As she points out in her chapter, “learning the grammar of animacy,” she, as a scientist and professor takes her students into the woods not only to study and learn the Latin names and the scientific processes of botany, she encourages them to hear the language of the woods, that the world is peopled with trees and animals, and that rocks, and mountains and water are animate too.  That to use the language of family for the natural world brings us humans into relationship and conversation with the natural world.  She speaks of the arrogance of English with its grammar structured to make only humans animate and worthy of more or ethical concern. Our fear of and disdain for anthropomorphism is quite foolish.

How do we listen to the plants and other parts of the natural world? And if you’re like me, how do I intentionally remember what I already knew but had forgotten? Listen to the natural world, not in some silly way, but in a profound way. Pay attention to what really is happening in the world around and what is really happening in the ecologies even on the hottest of days. The earth is alive and as a child I knew it. The animals and plants do tell their stories by what they do. Our proximity and attention to nature is not a whim but an imperative, the off shoot of which is our joy of returning. We should know their names, and relate. 

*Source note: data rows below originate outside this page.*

(* Let $P$ be a finite poset and $p\in(0,1]$. For any order ideal $J'\in J(P)$ and any $t\ge 0$, \[ \mathbb{P}\big(T_{J(P)}(J')\ge t\big)\le \mathbb{P}\big(T(J(P))\ge t\big). \]
   Context: An order ideal of $P$ is a subset $I\subseteq P$ such that $x\in I$ and $y\le x$ imply $y\in I$. $J(P)$ is the lattice of order ideals of $P$ ordered by inclusion. The Ungarian Markov chain on $J(P)$ with parameter $p$ moves from an order ideal $I$ by deleting from $I$ a random subset of its maximal elements, each maximal element being deleted independently with probability $p$ (equivalently: for a finite lattice $L$, from $x$ choose each element covered by $x$ independently with probability $p$ and move to the meet of $x$ and the chosen elements). $T_{J(P)}(J')$ is the number of steps for this chain started at $J'$ to reach $\varnothing$, and $T(J(P))=T_{J(P)}(P)$. *)

theory Defs
  imports "HOL-Probability.Probability"
begin

text \<open>A finite poset is modelled as a finite subset P of a type with a partial order;
  the order on P is the induced one.\<close>

definition order_ideals :: "'a::order set \<Rightarrow> 'a set set" where
  "order_ideals P = {I. I \<subseteq> P \<and> (\<forall>x\<in>I. \<forall>y\<in>P. y \<le> x \<longrightarrow> y \<in> I)}"

definition maximal_elems :: "'a::order set \<Rightarrow> 'a set" where
  "maximal_elems I = {x\<in>I. \<not> (\<exists>y\<in>I. x < y)}"

definition ungar_step :: "real \<Rightarrow> 'a::order set \<Rightarrow> 'a set pmf" where
  "ungar_step p I =
     map_pmf (\<lambda>b. I - {x\<in>maximal_elems I. b x})
             (Pi_pmf (maximal_elems I) False (\<lambda>_. bernoulli_pmf p))"

fun ungar_walk :: "real \<Rightarrow> 'a::order set \<Rightarrow> nat \<Rightarrow> 'a set list pmf" where
  "ungar_walk p I 0 = return_pmf [I]"
| "ungar_walk p I (Suc n) =
     bind_pmf (ungar_walk p I n) (\<lambda>xs. map_pmf (\<lambda>y. xs @ [y]) (ungar_step p (last xs)))"

text \<open>Probability that the hitting time T(I) of the empty ideal satisfies T(I) \<ge> t,
  i.e. that X_k \<noteq> {} for all k < t.\<close>
definition hit_time_ge :: "real \<Rightarrow> 'a::order set \<Rightarrow> nat \<Rightarrow> real" where
  "hit_time_ge p I t =
     measure_pmf.prob (ungar_walk p I t) {xs. \<forall>k<t. xs ! k \<noteq> {}}"

end

theory Submission
  imports Defs
begin

text \<open>Drive one step of the chain from two nested sets I \<subseteq> I' by the same coin for every
  element: a maximal element of I' lying in I is maximal in I as well, so whatever survives
  from I also survives from I'. Hence one step preserves inclusion, and by induction on t,
  via the first-step decomposition of the hitting probability, the chain started at the
  smaller set is no more likely to avoid the empty ideal for t steps.\<close>

lemma measure_bind_pmf:
  "measure (measure_pmf (bind_pmf M N)) X = (\<integral>x. measure (measure_pmf (N x)) X \<partial>measure_pmf M)"
  unfolding measure_pmf_bind
  by (rule measure_pmf.measure_bind[where N = "count_space UNIV"])
     (auto simp: space_subprob_algebra measure_pmf.subprob_space_axioms)

definition ungar_delete :: "('a \<Rightarrow> bool) \<Rightarrow> 'a::order set \<Rightarrow> 'a set" where
  "ungar_delete b I = I - {x\<in>maximal_elems I. b x}"

lemma ungar_delete_mono: "I \<subseteq> I' \<Longrightarrow> ungar_delete b I \<subseteq> ungar_delete b I'"
  by (auto simp: ungar_delete_def maximal_elems_def)

lemma ungar_step_via_Pi_pmf:
  assumes "finite A" "I \<subseteq> A"
  shows "ungar_step p I = map_pmf (\<lambda>b. ungar_delete b I) (Pi_pmf A False (\<lambda>_. bernoulli_pmf p))"
proof -
  have "maximal_elems I \<subseteq> A"
    using assms(2) by (auto simp: maximal_elems_def)
  then show ?thesis
    unfolding ungar_step_def ungar_delete_def
    by (subst Pi_pmf_subset[OF assms(1)]) (auto simp: pmf.map_comp o_def intro!: map_pmf_cong)
qed

lemma ungar_walk_nonempty: "xs \<in> set_pmf (ungar_walk p I n) \<Longrightarrow> xs \<noteq> []"
  by (induction n arbitrary: xs) auto

lemma ungar_walk_Suc_first_step:
  "ungar_walk p I (Suc n) = bind_pmf (ungar_step p I) (\<lambda>J. map_pmf ((#) I) (ungar_walk p J n))"
proof (induction n)
  case 0
  then show ?case
    by (simp add: map_pmf_def bind_return_pmf)
next
  case (Suc n)
  have extend: "bind_pmf (ungar_walk p J n)
      (\<lambda>xs. map_pmf (\<lambda>y. (I # xs) @ [y]) (ungar_step p (last (I # xs))))
    = map_pmf ((#) I) (ungar_walk p J (Suc n))" for J
  proof -
    have "bind_pmf (ungar_walk p J n)
        (\<lambda>xs. map_pmf (\<lambda>y. (I # xs) @ [y]) (ungar_step p (last (I # xs))))
      = bind_pmf (ungar_walk p J n)
        (\<lambda>xs. map_pmf ((#) I) (map_pmf (\<lambda>y. xs @ [y]) (ungar_step p (last xs))))"
      by (intro bind_pmf_cong refl) (auto simp: ungar_walk_nonempty pmf.map_comp o_def)
    then show ?thesis
      by (simp add: map_bind_pmf)
  qed
  have "ungar_walk p I (Suc (Suc n))
      = bind_pmf (ungar_step p I) (\<lambda>J. bind_pmf (ungar_walk p J n)
          (\<lambda>xs. map_pmf (\<lambda>y. (I # xs) @ [y]) (ungar_step p (last (I # xs)))))"
    unfolding ungar_walk.simps(2)[of p I "Suc n"] Suc bind_assoc_pmf bind_map_pmf o_def list.sel
    by (rule refl)
  then show ?case
    by (simp only: extend)
qed

lemma hit_time_ge_0 [simp]: "hit_time_ge p I 0 = 1"
  by (simp add: hit_time_ge_def)

lemma hit_time_ge_nonneg: "0 \<le> hit_time_ge p I t"
  by (simp add: hit_time_ge_def)

lemma hit_time_ge_le_1: "hit_time_ge p I t \<le> 1"
  by (simp add: hit_time_ge_def)

lemma hit_time_ge_Suc:
  "hit_time_ge p I (Suc t) =
     (if I = {} then 0 else \<integral>J. hit_time_ge p J t \<partial>measure_pmf (ungar_step p I))"
proof -
  have "(#) I -` {xs. \<forall>k<Suc t. xs ! k \<noteq> {}} =
      (if I = {} then {} else {xs. \<forall>k<t. xs ! k \<noteq> {}})"
    by (auto simp: All_less_Suc2)
  then show ?thesis
    unfolding hit_time_ge_def ungar_walk_Suc_first_step measure_bind_pmf measure_map_pmf
    by simp
qed

lemma hit_time_ge_mono:
  assumes "I \<subseteq> I'" "finite I'"
  shows "hit_time_ge p I t \<le> hit_time_ge p I' t"
  using assms
proof (induction t arbitrary: I I')
  case 0
  then show ?case by simp
next
  case (Suc t)
  show ?case
  proof (cases "I = {}")
    case True
    then show ?thesis
      by (simp add: hit_time_ge_Suc hit_time_ge_nonneg)
  next
    case False
    with Suc.prems have "I' \<noteq> {}" by auto
    let ?coins = "Pi_pmf I' False (\<lambda>_. bernoulli_pmf p)"
    have "(\<integral>b. hit_time_ge p (ungar_delete b I) t \<partial>measure_pmf ?coins)
        \<le> (\<integral>b. hit_time_ge p (ungar_delete b I') t \<partial>measure_pmf ?coins)"
      using Suc.prems
      by (intro integral_mono measure_pmf.integrable_const_bound[where B = 1] Suc.IH ungar_delete_mono)
         (auto simp: hit_time_ge_nonneg hit_time_ge_le_1 ungar_delete_def)
    with False \<open>I' \<noteq> {}\<close> Suc.prems show ?thesis
      by (simp add: hit_time_ge_Suc ungar_step_via_Pi_pmf)
  qed
qed

theorem corollary2p4:
  fixes P :: "'a::order set" and J' :: "'a set" and p :: real and t :: nat
  assumes "finite P" and "0 < p" and "p \<le> 1" and "J' \<in> order_ideals P"
  shows "hit_time_ge p J' t \<le> hit_time_ge p P t"
  using hit_time_ge_mono[OF _ \<open>finite P\<close>] \<open>J' \<in> order_ideals P\<close>
  by (auto simp: order_ideals_def)

end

Expressing gratitude does create a shift inside us. And despite all the ways that Kimmerer, a native American herself, could be negative or cynical she remains remarkably optimistic in her view of the world. There is a compelling reason that her book is number one on the bestsellers list in this consumer culture. She challenges her readers to live into their gratitude. She says, “while expressing gratitude seems innocent enough, it is a revolutionary idea, you can’t listen to the Thanksgiving Address without feeling wealthy.”

As the beginning of the Thanksgiving address states: Today we have gathered and when we look upon the faces around us we see that the cycles of life continue. We have been given the duty to live in balance and harmony with each other and all living things” Let us be grateful for “this river of words” we heard this morning.  Let us be grateful for the Haudenosaunee people for wanting us to hear their sacred words and may we honor and respect them by knowing they are a part of their culture and we are here to learn the lessons and create our own rituals. Let us be grateful for this community of beloved congregants who are willing to learn from others, let us imagine teaching our children that expressing gratitude is a high priority, a very real and necessary ritual. Let us be grateful for our open hearts and our open minds. Let us be grateful for this day.